There are no specific recommendations on the amount of omega-3 fatty acids a person should take. It depends on a variety of factors, such as their age and their state of health.

Most studies of fish oil have looked at small doses of a few grams (g) per day. Larger doses, such as 20 g, per day, may cause more side effects.

People can start with a small amount each day and talk to a doctor before increasing the dosage.

If someone notices an unpleasant smell or other minor side effects, they may want to decrease the dosage to see if that helps with the issue.

Anyone who develops serious complications, such as an allergic reaction, rash, vomiting, or breathing difficulties, should stop taking fish oil and seek emergency help.

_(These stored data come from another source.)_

lemma erlang_density_mult_poisson_prob:
  assumes "0 < a" "0 < b"
  shows "erlang_density m a t * poisson_prob b t k
      = a ^ Suc m * b ^ k * fact (k + m) / (fact m * fact k * (a + b) ^ Suc (k + m))
        * erlang_density (k + m) (a + b) t"
proof (cases "t < 0")
  case False
  define X where "X = (a + b) ^ Suc (k + m)"
  have "0 < X"
    using assms by (simp add: X_def)
  have "exp (- (a + b) * t) = exp (- a * t) * exp (- b * t)"
    by (simp add: exp_add[symmetric] algebra_simps)
  with False have "erlang_density (k + m) (a + b) t = X * t ^ (k + m) * exp (- a * t) * exp (- b * t) / fact (k + m)"
    unfolding erlang_density_def X_def by simp
  moreover from False have "erlang_density m a t * poisson_prob b t k
      = a ^ Suc m * b ^ k * t ^ (k + m) * exp (- a * t) * exp (- b * t) / (fact m * fact k)"
    unfolding erlang_density_def poisson_prob_def by (simp add: power_mult_distrib power_add)
  ultimately show ?thesis
    using \<open>0 < X\<close> by (simp add: X_def[symmetric] del: power_Suc)
qed (simp add: erlang_density_def)

lemma integral_erlang_density_mult_poisson_prob:
  assumes "0 < a" "0 < b"
  shows "(LINT t|lborel. erlang_density m a t * poisson_prob b t k)
      = real ((k + m) choose k) * (a / (a + b)) ^ Suc m * (b / (a + b)) ^ k"
proof -
  have "(LINT t|lborel. erlang_density m a t * poisson_prob b t k)
      = a ^ Suc m * b ^ k * fact (k + m) / (fact m * fact k * (a + b) ^ Suc (k + m))"
    using assms by (simp add: erlang_density_mult_poisson_prob integral_erlang_density del: power_Suc)
  also have "\<dots> = real ((k + m) choose k) * (a / (a + b)) ^ Suc m * (b / (a + b)) ^ k"
    using power_add[of "a + b" k "Suc m"]
    by (simp add: binomial_fact power_divide field_simps del: power_Suc)
  finally show ?thesis .
qed

context prob_space
begin

lemma poisson_process_prob_eq:
  assumes "poisson_process M r N" "0 \<le> t"
  shows "prob {\<omega> \<in> space M. N t \<omega> = k} = poisson_prob r t k"
proof -
  have "{\<omega> \<in> space M. N t \<omega> = k} = {\<omega> \<in> space M. N t \<omega> - N 0 \<omega> = k}"
    using assms(1) by (auto simp: poisson_process_def)
  with assms show ?thesis
    by (simp add: poisson_process_def poisson_prob_def)
qed

lemma poisson_prob_bounds:
  assumes "poisson_process M r N" "0 \<le> t"
  shows "0 \<le> poisson_prob r t k" "poisson_prob r t k \<le> 1"
  using poisson_process_prob_eq[OF assms, of k] by (metis measure_nonneg, metis prob_le_1)

lemma measurable_poisson_process_path:
  "poisson_process M r N \<Longrightarrow> (\<lambda>\<omega> t. N t \<omega>) \<in> measurable M (PiM UNIV (\<lambda>_. count_space UNIV))"
  unfolding poisson_process_def by (auto intro!: measurable_PiM_single' simp: space_PiM)

lemma poisson_process_eventually_dyadic_eq:
  assumes "poisson_process M r N" "\<omega> \<in> space M"
  shows "eventually (\<lambda>n. N (dyadic_ceiling n s) \<omega> = N s \<omega>) sequentially"
proof (cases "0 \<le> s")
  case True
  with assms show ?thesis
    unfolding poisson_process_def by (auto intro: eventually_dyadic_ceiling_eq)
next
  case False
  with assms have "mono (\<lambda>t. N t \<omega>)" "N 0 \<omega> = 0"
    unfolding poisson_process_def by auto
  with False have "N s \<omega> = 0"
    using monoD[of "\<lambda>t. N t \<omega>" s 0] by simp
  with False \<open>N 0 \<omega> = 0\<close> show ?thesis by (simp add: dyadic_ceiling_nonpos)
qed

lemma measurable_poisson_process_dyadic_time:
  assumes N: "poisson_process M r N" and S: "S \<in> borel_measurable M"
  shows "(\<lambda>\<omega>. N (dyadic_ceiling n (S \<omega>)) \<omega>) \<in> measurable M (count_space UNIV)"
proof -
  have "(\<lambda>\<omega>. nat \<lceil>2^n * S \<omega>\<rceil>) \<in> measurable M (count_space UNIV)"
    using S by measurable
  then have "(\<lambda>\<omega>. (\<lambda>j. N (real j / 2^n)) (nat \<lceil>2^n * S \<omega>\<rceil>) \<omega>) \<in> measurable M (count_space UNIV)"
    by (rule measurable_compose_countable[rotated]) (use N in \<open>simp add: poisson_process_def\<close>)
  then show ?thesis by (simp add: dyadic_ceiling_def)
qed

lemma measurable_poisson_process_random_time:
  assumes N: "poisson_process M r N" and S: "S \<in> borel_measurable M"
  shows "(\<lambda>\<omega>. N (S \<omega>) \<omega>) \<in> measurable M (count_space UNIV)"
proof -
  have "(\<lambda>\<omega>. real (N (S \<omega>) \<omega>)) \<in> borel_measurable M"
  proof (rule borel_measurable_LIMSEQ_real)
    show "(\<lambda>\<omega>. real (N (dyadic_ceiling n (S \<omega>)) \<omega>)) \<in> borel_measurable M" for n
      using measurable_poisson_process_dyadic_time[OF N S] by measurable
    show "(\<lambda>n. real (N (dyadic_ceiling n (S \<omega>)) \<omega>)) \<longlonglongrightarrow> real (N (S \<omega>) \<omega>)"
      if "\<omega> \<in> space M" for \<omega>
      using poisson_process_eventually_dyadic_eq[OF N that]
      by (rule tendsto_eventually[OF eventually_mono]) simp
  qed
  then have "(\<lambda>\<omega>. nat \<lfloor>real (N (S \<omega>) \<omega>)\<rfloor>) \<in> measurable M (count_space UNIV)"
    by measurable
  then show ?thesis by simp
qed
(* Let $\mathbf{A}\in\mathbb{R}^{n\times d}$, $\mathbf{B}=[\mathbf{b}_1,\dots,\mathbf{b}_{d_B}]\in\mathbb{R}^{n\times d_B}$, $\mathbf{C}=[\mathbf{c}_1,\dots,\mathbf{c}_{n_C}]^{\rm T}\in\mathbb{R}^{n_C\times d}$, and let $k,r$ be integers with $1\le k\le\mathrm{rank}(\mathbf{B})$, $1\le r\le\mathrm{rank}(\mathbf{C})$. Let $S$ be an $l$-subset of $[d_B]$ with $0\le l\le k-1$ and $R$ a $t$-subset of $[n_C]$ with $0\le t\le r-1$. Then $$P_{k-l,r-t}(x;\mathbf{Q}_S\mathbf{A}\mathbf{P}_R,\mathbf{Q}_S\mathbf{B},\mathbf{C}\mathbf{P}_R)=\frac1{k-l}\sum_{i:\|\mathbf{Q}_S\mathbf{b}_i\|\ne0}\|\mathbf{Q}_S\mathbf{b}_i\|^2\,P_{k-l-1,r-t}(x;\mathbf{Q}_{S\cup\{i\}}\mathbf{A}\mathbf{P}_R,\mathbf{Q}_{S\cup\{i\}}\mathbf{B},\mathbf{C}\mathbf{P}_R)$$ and $$P_{k-l,r-t}(x;\mathbf{Q}_S\mathbf{A}\mathbf{P}_R,\mathbf{Q}_S\mathbf{B},\mathbf{C}\mathbf{P}_R)=\frac1{r-t}\sum_{i:\|\mathbf{c}_i^{\rm T}\mathbf{P}_R\|\ne0}\|\mathbf{c}_i^{\rm T}\mathbf{P}_R\|^2\,P_{k-l,r-t-1}(x;\mathbf{Q}_S\mathbf{A}\mathbf{P}_{R\cup\{i\}},\mathbf{Q}_S\mathbf{B},\mathbf{C}\mathbf{P}_{R\cup\{i\}}).$$
   Context: Notation: $\mathbf{M}_{R,S}$, $\mathbf{M}_{:,S}$, $\mathbf{M}_{R,:}$ are submatrices; $\mathbf{M}^\dagger$ Moore–Penrose pseudoinverse with $\mathbf{M}_{R,S}^\dagger:=(\mathbf{M}_{R,S})^\dagger$; empty determinants are $1$ and $\mathbf{M}_{:,\emptyset}\mathbf{M}_{:,\emptyset}^\dagger$, $\mathbf{M}_{\emptyset,:}^\dagger\mathbf{M}_{\emptyset,:}$ are zero. $\mathbf{Q}_S=\mathbf{I}_n-\mathbf{B}_{:,S}\mathbf{B}_{:,S}^\dagger$ and $\mathbf{P}_R=\mathbf{I}_d-\mathbf{C}_{R,:}^\dagger\mathbf{C}_{R,:}$ (always formed from the original $\mathbf{B},\mathbf{C}$). For general $\mathbf{A}'\in\mathbb{R}^{n\times d}$, $\mathbf{B}'\in\mathbb{R}^{n\times d_B}$, $\mathbf{C}'\in\mathbb{R}^{n_C\times d}$: $p_{T,W}(x;\mathbf{A}',\mathbf{B}',\mathbf{C}')=\det[x\mathbf{I}_d-(\mathbf{Q}'_T\mathbf{A}'\mathbf{P}'_W)^{\rm T}(\mathbf{Q}'_T\mathbf{A}'\mathbf{P}'_W)]$ with $\mathbf{Q}'_T=\mathbf{I}_n-\mathbf{B}'_{:,T}\mathbf{B}'^\dagger_{:,T}$, $\mathbf{P}'_W=\mathbf{I}_d-\mathbf{C}'^\dagger_{W,:}\mathbf{C}'_{W,:}$, and $P_{k,r}(x;\mathbf{A}',\mathbf{B}',\mathbf{C}')=\sum_{W\subset[n_C],|W|=r}\sum_{T\subset[d_B],|T|=k}\det[\mathbf{C}'_{W,:}\mathbf{C}'^{\rm T}_{W,:}]\det[\mathbf{B}'^{\rm T}_{:,T}\mathbf{B}'_{:,T}]\,p_{T,W}(x;\mathbf{A}',\mathbf{B}',\mathbf{C}')$. *)

theory Defs
  imports "Jordan_Normal_Form.Char_Poly" "Jordan_Normal_Form.DL_Rank" "Jordan_Normal_Form.DL_Submatrix"
begin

A 2015 National Institutes of Health study estimate that 7.8% of people in the U.S. take fish oil supplements. Most experience no serious side effects. Some may even experience significant health improvements.

As well as the cardiovascular and brain health developments fish oil may offer, some research suggests that fish oil may support the development of fetuses during pregnancy. A 2018 study links fish oil supplements during pregnancy to a lower risk that a child will develop allergies.

While data pointing to the benefits of fish oil may seem positive, it is not always conclusive. People who want to improve their health with omega-3 fatty acid supplements should consider adding fish to their diet instead, as there is more research on the benefits of fresh fish.